Criterion	Strong (3)	Adequate (2)	Weak (1)
Identified misleading symptom	Noticed inconsistent `kubectl top` output; checked Metrics Server logs for errors within 10 min	Investigated HPA config and scaling policies first, then noticed metric inconsistency	Spent extended time tuning HPA parameters or investigating the application
Found root cause in observability domain	Identified clock skew corrupting CPU utilization calculations in Metrics Server	Found the Metrics Server errors but not the clock skew root cause	Assumed the Metrics Server was buggy or needed a restart
Remediated in linux_ops domain	Fixed NTP on affected nodes; updated bootstrap script to prevent recurrence	Fixed NTP on the immediate nodes but did not update the AMI/bootstrap	Restarted the Metrics Server or adjusted HPA settings (workaround)
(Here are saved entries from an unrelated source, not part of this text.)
lemma C1_int_imp_C1_on:
  assumes "closed K"
    and paths: "\<forall>x\<in>frontier K. \<exists>C>0. \<exists>V. open V \<and> x \<in> V \<and>
      (\<forall>y\<in>V \<inter> K. joinable_through_interior K x y (C * norm (x - y)))"
    and C1: "C1_int K f df"
  shows "C1_on K f df"
  unfolding C1_on_iff_has_derivative_within
proof (intro conjI ballI)
  show "continuous_on K df"
    using C1 by (simp add: C1_int_def)
  fix x assume "x \<in> K"
  show "(f has_derivative (\<lambda>h. df x \<bullet> h)) (at x within K)"
  proof (cases "x \<in> interior K")
    case True
    then show ?thesis
      using C1 by (auto simp: C1_int_def intro: has_derivative_at_withinI)
  next
    case False
    then have "x \<in> frontier K"
      using \<open>x \<in> K\<close> \<open>closed K\<close> by (simp add: frontier_def)
    then show ?thesis
      using paths C1 \<open>x \<in> K\<close> by (metis has_derivative_within_by_short_paths)
  qed
qed

theorem mainTheorem14:
  fixes K :: "'a::euclidean_space set"
  assumes "compact K"
    and "topologically_regular K"
    and "\<forall>x\<in>frontier K. \<exists>C>0. \<exists>V. open V \<and> x \<in> V \<and>
           (\<forall>y\<in>V \<inter> K. \<exists>\<gamma> a b. rectifiable_path \<gamma> a b \<and> \<gamma> a = x \<and> \<gamma> b = y \<and>
               \<gamma> ` {a..b} \<subseteq> interior K \<union> {x, y} \<and> path_length \<gamma> a b \<le> C * norm (x - y))"
  shows "\<forall>(f :: 'a \<Rightarrow> real) df. C1_int K f df \<longleftrightarrow> C1_on K f df"
  using C1_int_imp_C1_on[OF compact_imp_closed[OF \<open>compact K\<close>]] C1_on_imp_C1_int assms(3)
  unfolding joinable_through_interior_def by blast

end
Cross-domain thinking	Explained the full chain: NTP failure -> clock drift -> metrics corruption -> HPA flapping	Acknowledged clock skew and HPA interaction but missed the ntpd/chronyd conflict	Treated it as a Kubernetes HPA tuning problem

Prerequisite Topic Packs¶

k8s-ops (HPA) — needed for Domain A investigation (HPA behavior, scaling policies, stabilization windows)
monitoring-fundamentals — needed for Domain B root cause (rate-based metrics, Metrics Server, time-series accuracy)
linux-ops — needed for Domain C remediation (NTP, chronyd, systemd services)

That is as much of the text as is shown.